Data excerpts —

══════════

(* Let $P$ be a distribution on $\mathcal{X}$, $R>0$, $K>0$, and let $\overline{P}_e^{(n)}$ be the random-coding average error probability (codebook letters i.i.d. $P$) of the maximum-likelihood decoder, averaged over messages, codebooks and channel instances. Then \[ \limsup_{n\to\infty} -\tfrac1n\log\big[1-\overline{P}_e^{(n)}\big]\le E_c(P,R,K),\qquad E_c(P,R,K)=\min_{TV}\Big\{D(TV\|PW)+\big|R-A_{TV}-|B_{TV}-K|^{+}\big|^{+}\Big\}. \]
   Context: Channel model: $\mathcal{X},\mathcal{Y}$ finite alphabets, $W(y|x)$ a fixed conditional distribution. A codebook of block length $n$ has $\lfloor e^{nR}\rfloor$ codewords $\mathbf{x}_m\in\mathcal{X}^n$. A channel instance: independently for each message $m$, a cloud of $\lfloor e^{nK}\rfloor$ independent sequences $\mathbf{y}\in\mathcal{Y}^n$ whose letters are independent with $y_i\sim W(\cdot|x_{m,i})$. Messages are equiprobable; when $m$ is sent, the output is a uniformly chosen vector of the cloud of $m$. The decoder knows codebook and clouds; the ML decoder outputs a message whose cloud contains the most copies of the received vector (ties broken at random). Logs are natural. $TV$ is a joint distribution on $\mathcal{Y}\times\mathcal{X}$ with $\mathcal{Y}$-marginal $T$ and conditional $V(x|y)$; $PW$ is $P(x)W(y|x)$; $D(TV\|PW)=\sum T(y)V(x|y)\log\frac{T(y)V(x|y)}{P(x)W(y|x)}$; $A_{TV}=\sum T(y)V(x|y)\log\frac{V(x|y)}{P(x)}$; $B_{TV}=\mathbb{E}_{TV}[-\log W(Y|X)]$; $|t|^{+}=\max\{0,t\}$. *)

theory Defs
  imports "HOL-Analysis.Analysis"
begin

definition seqs :: "nat \<Rightarrow> 'a list set" where
  "seqs n = {xs. length xs = n}"

definition pos :: "real \<Rightarrow> real" where
  "pos t = max 0 t"

definition nmsg :: "real \<Rightarrow> nat \<Rightarrow> nat" where
  "nmsg R n = nat \<lfloor>exp (real n * R)\<rfloor>"

definition ncloud :: "real \<Rightarrow> nat \<Rightarrow> nat" where
  "ncloud K n = nat \<lfloor>exp (real n * K)\<rfloor>"

text \<open>Probability that the ML decoder (ties broken uniformly at random) outputs the
  correct message m, given the channel instance y (y (m',l') is the l'-th vector of
  the cloud of message m'), when m is sent and the l-th vector of its cloud is output.\<close>
definition ml_correct :: "nat \<Rightarrow> nat \<Rightarrow> (nat \<times> nat \<Rightarrow> 'y list) \<Rightarrow> nat \<Rightarrow> nat \<Rightarrow> real" where
  "ml_correct M L y m l =
    (let v = y (m, l);
         cnt = (\<lambda>m'. card {l'. l' < L \<and> y (m', l') = v});
         mx = Max (cnt ` {..<M})
     in if cnt m = mx then 1 / real (card {m'. m' < M \<and> cnt m' = mx}) else 0)"

definition succ_prob :: "('x::finite \<Rightarrow> real) \<Rightarrow> ('x \<Rightarrow> 'y::finite \<Rightarrow> real)
    \<Rightarrow> real \<Rightarrow> real \<Rightarrow> nat \<Rightarrow> real" where
  "succ_prob P W R K n =
    (let M = nmsg R n; L = ncloud K n in
     \<Sum>c \<in> PiE {..<M} (\<lambda>_. (seqs n :: 'x list set)).
       (\<Prod>m<M. \<Prod>i<n. P (c m ! i)) *
       (\<Sum>y \<in> PiE ({..<M} \<times> {..<L}) (\<lambda>_. (seqs n :: 'y list set)).
          (\<Prod>m<M. \<Prod>l<L. \<Prod>i<n. W (c m ! i) (y (m, l) ! i)) *
          (\<Sum>m<M. \<Sum>l<L. (1 / real M) * (1 / real L) * ml_correct M L y m l)))"

definition err_prob :: "('x::finite \<Rightarrow> real) \<Rightarrow> ('x \<Rightarrow> 'y::finite \<Rightarrow> real)
    \<Rightarrow> real \<Rightarrow> real \<Rightarrow> nat \<Rightarrow> real" where
  "err_prob P W R K n = 1 - succ_prob P W R K n"

text \<open>Joint distributions TV on Y x X, written Q y x = T(y) V(x|y).
  T(y) = sum_x Q y x, V(x|y) = Q y x / T y.  Terms with Q y x = 0 contribute 0.\<close>
definition divKL :: "('x::finite \<Rightarrow> real) \<Rightarrow> ('x \<Rightarrow> 'y::finite \<Rightarrow> real) \<Rightarrow> ('y \<Rightarrow> 'x \<Rightarrow> real) \<Rightarrow> real" where
  "divKL P W Q = (\<Sum>y\<in>UNIV. \<Sum>x\<in>UNIV. if Q y x > 0 then Q y x * ln (Q y x / (P x * W x y)) else 0)"

definition A_TV :: "('x::finite \<Rightarrow> real) \<Rightarrow> ('y::finite \<Rightarrow> 'x \<Rightarrow> real) \<Rightarrow> real" where
  "A_TV P Q = (\<Sum>y\<in>UNIV. \<Sum>x\<in>UNIV. if Q y x > 0
      then Q y x * ln ((Q y x / (\<Sum>x'\<in>UNIV. Q y x')) / P x) else 0)"

definition B_TV :: "('x::finite \<Rightarrow> 'y::finite \<Rightarrow> real) \<Rightarrow> ('y \<Rightarrow> 'x \<Rightarrow> real) \<Rightarrow> real" where
  "B_TV W Q = (\<Sum>y\<in>UNIV. \<Sum>x\<in>UNIV. if Q y x > 0 then Q y x * (- ln (W x y)) else 0)"

text \<open>Joint distributions absolutely continuous w.r.t. PW (outside this set the
  divergence is +infinity, so they never attain the minimum).\<close>
definition joint_dists :: "('x::finite \<Rightarrow> real) \<Rightarrow> ('x \<Rightarrow> 'y::finite \<Rightarrow> real) \<Rightarrow> ('y \<Rightarrow> 'x \<Rightarrow> real) set" where
  "joint_dists P W = {Q. (\<forall>y x. Q y x \<ge> 0) \<and> (\<Sum>y\<in>UNIV. \<Sum>x\<in>UNIV. Q y x) = 1 \<and>
                          (\<forall>y x. Q y x > 0 \<longrightarrow> P x * W x y > 0)}"

definition Ec :: "('x::finite \<Rightarrow> real) \<Rightarrow> ('x \<Rightarrow> 'y::finite \<Rightarrow> real) \<Rightarrow> real \<Rightarrow> real \<Rightarrow> real" where
  "Ec P W R K = Inf ((\<lambda>Q. divKL P W Q + pos (R - A_TV P Q - pos (B_TV W Q - K))) ` joint_dists P W)"

end

theory Submission
  imports Defs
begin

text \<open>
  Fix a joint distribution Q = TV absolutely continuous with respect to PW, and call an output w and
  a codeword x typical if the empirical averages of the information densities ln (Q / PW),
  ln (V / P) and -ln W along (w, x) are within d of D, A and B.  Counting, for each output w, the
  copies of w in the clouds of messages whose codeword is typical with w, the ML decoder is right
  at least as often as the largest such count.  A tangent-line (second moment) argument on these
  counts gives, with mu(w) the probability that a random codeword is typical with w and produces w,
  and p(w) the probability that it is typical with w,
  P_c >= sum_w mu(w) / (1 + M min(L mu(w), p(w))).
  Typicality yields p <= exp(-n(A-d)) and mu <= exp(-n(B-d)) p, so the denominator is at most
  2 exp(n(|R - A - |B - K|^+|^+ + 2d)), and Chebyshev's inequality gives sum_w mu(w) >=
  exp(-n(D+d)) / 2.  Hence P_c >= exp(-n(D + |R - A - |B - K|^+|^+ + 3d)) / 4 for large n, and
  minimising over Q gives the bound.
\<close>

subsection \<open>Sums over words of fixed length\<close>

lemma seqs_0 [simp]: "seqs 0 = {[]}"
  by (auto simp: seqs_def)

lemma seqs_Suc: "seqs (Suc n) = (\<lambda>(xs, a). xs @ [a]) ` (seqs n \<times> UNIV)"
proof -
  have "xs \<in> (\<lambda>(xs, a). xs @ [a]) ` (seqs n \<times> UNIV)" if "length xs = Suc n" for xs :: "'a list"
  proof (intro image_eqI[of _ _ "(butlast xs, last xs)"])
    show "xs = (case (butlast xs, last xs) of (xs, a) \<Rightarrow> xs @ [a])"
      using that by (metis append_butlast_last_id list.size(3) nat.distinct(1) prod.simps(2))
  qed (use that in \<open>auto simp: seqs_def\<close>)
  then show ?thesis
    by (auto simp: seqs_def)
qed

lemma finite_seqs [simp]: "finite (seqs n :: 'a::finite list set)"
  by (induction n) (simp_all add: seqs_Suc)

lemma sum_seqs_Suc:
  "(\<Sum>xs\<in>seqs (Suc n). f xs) = (\<Sum>xs\<in>seqs n. \<Sum>a\<in>(UNIV::'a::finite set). f (xs @ [a]))"
  unfolding seqs_Suc
  by (subst sum.reindex) (auto simp: inj_on_def sum.cartesian_product split_def)

lemma nth_snoc_seqs [simp]: "xs \<in> seqs n \<Longrightarrow> (xs @ [a]) ! n = a"
  unfolding seqs_def by (simp add: nth_append)

lemma prod_snoc_seqs: "xs \<in> seqs n \<Longrightarrow> (\<Prod>i<n. F i ((xs @ [a]) ! i)) = (\<Prod>i<n. F i (xs ! i))"
  by (auto simp: seqs_def nth_append intro!: prod.cong)

lemma sum_snoc_seqs: "xs \<in> seqs n \<Longrightarrow> (\<Sum>i<n. F i ((xs @ [a]) ! i)) = (\<Sum>i<n. F i (xs ! i))"
  by (auto simp: seqs_def nth_append intro!: sum.cong)

lemma sum_seqs_prod:
  fixes F :: "nat \<Rightarrow> 'a::finite \<Rightarrow> 'b::comm_semiring_1"
  shows "(\<Sum>xs\<in>seqs n. \<Prod>i<n. F i (xs ! i)) = (\<Prod>i<n. \<Sum>a\<in>UNIV. F i a)"
proof (induction n)
  case (Suc n)
  have "(\<Sum>xs\<in>seqs (Suc n). \<Prod>i<Suc n. F i (xs ! i))
      = (\<Sum>xs\<in>seqs n. \<Sum>a\<in>UNIV. (\<Prod>i<n. F i (xs ! i)) * F n a)"
    unfolding sum_seqs_Suc by (intro sum.cong refl) (simp add: prod_snoc_seqs)
  also have "\<dots> = (\<Sum>xs\<in>seqs n. \<Prod>i<n. F i (xs ! i)) * (\<Sum>a\<in>UNIV. F n a)"
    by (simp add: sum_product)
  finally show ?case
    using Suc by simp
qed simp

lemma sum_UNIV_pair: "(\<Sum>z\<in>UNIV. f z) = (\<Sum>y\<in>UNIV. \<Sum>x\<in>UNIV. f (y, x))"
  by (simp add: sum.cartesian_product)

lemma sum_seqs_pairs:
  "(\<Sum>v\<in>seqs n. \<Sum>x\<in>seqs n. F v x) = (\<Sum>zs\<in>seqs n. F (map fst zs) (map snd zs))"
proof -
  have unzip: "bij_betw (\<lambda>zs. (map fst zs, map snd zs)) (seqs n) (seqs n \<times> seqs n)"
    by (rule bij_betw_byWitness[where f' = "\<lambda>(v, x). zip v x"])
      (auto simp: seqs_def zip_map_fst_snd)
  show ?thesis
    by (simp add: sum.cartesian_product sum.reindex_bij_betw[OF unzip, of "\<lambda>(v, x). F v x", symmetric])
qed

subsection \<open>Sums of i.i.d. letters\<close>

definition iid :: "('a \<Rightarrow> real) \<Rightarrow> nat \<Rightarrow> 'a list \<Rightarrow> real" where
  "iid q n xs = (\<Prod>i<n. q (xs ! i))"

lemma iid_nonneg: "(\<And>a. q a \<ge> 0) \<Longrightarrow> iid q n xs \<ge> 0"
  by (simp add: iid_def prod_nonneg)

lemma sum_iid: "(\<Sum>xs\<in>seqs n. iid q n xs) = (\<Sum>a\<in>UNIV. q a) ^ n"
  for q :: "'a::finite \<Rightarrow> real"
  unfolding iid_def by (simp add: sum_seqs_prod[of "\<lambda>_. q"])

lemma iid_snoc: "xs \<in> seqs n \<Longrightarrow> iid q (Suc n) (xs @ [a]) = iid q n xs * q a"
  unfolding iid_def by (simp add: prod_snoc_seqs[where F = "\<lambda>_. q"])

context
  fixes q h :: "'a::finite \<Rightarrow> real"
  assumes sum_q: "(\<Sum>z\<in>UNIV. q z) = 1" and mean_zero: "(\<Sum>z\<in>UNIV. q z * h z) = 0"
begin

lemma iid_sum_second_moment:
  "(\<Sum>zs\<in>seqs n. iid q n zs * (\<Sum>i<n. h (zs ! i))\<^sup>2) = real n * (\<Sum>z\<in>UNIV. q z * (h z)\<^sup>2)"
proof (induction n)
  case (Suc n)
  have "(\<Sum>zs\<in>seqs (Suc n). iid q (Suc n) zs * (\<Sum>i<Suc n. h (zs ! i))\<^sup>2)
      = (\<Sum>zs\<in>seqs n. \<Sum>a\<in>UNIV. iid q n zs * (\<Sum>i<n. h (zs ! i))\<^sup>2 * q a
          + 2 * (iid q n zs * (\<Sum>i<n. h (zs ! i))) * (q a * h a) + iid q n zs * (q a * (h a)\<^sup>2))"
    unfolding sum_seqs_Suc
    by (intro sum.cong refl) (simp add: iid_snoc sum_snoc_seqs[where F = "\<lambda>_. h"] power2_eq_square algebra_simps)
  also have "\<dots> = (\<Sum>zs\<in>seqs n. iid q n zs * (\<Sum>i<n. h (zs ! i))\<^sup>2) * (\<Sum>a\<in>UNIV. q a)
      + (\<Sum>zs\<in>seqs n. 2 * (iid q n zs * (\<Sum>i<n. h (zs ! i)))) * (\<Sum>a\<in>UNIV. q a * h a)
      + (\<Sum>zs\<in>seqs n. iid q n zs) * (\<Sum>a\<in>UNIV. q a * (h a)\<^sup>2)"
    unfolding sum.distrib sum_product ..
  finally show ?case
    using Suc by (simp add: sum_q mean_zero sum_iid distrib_right)
qed simp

══════════

Assignment —
Copy out, from the data above, every line holding the word "unzip".

Task result —
  have unzip: "bij_betw (\<lambda>zs. (map fst zs, map snd zs)) (seqs n) (seqs n \<times> seqs n)"
    by (simp add: sum.cartesian_product sum.reindex_bij_betw[OF unzip, of "\<lambda>(v, x). F v x", symmetric])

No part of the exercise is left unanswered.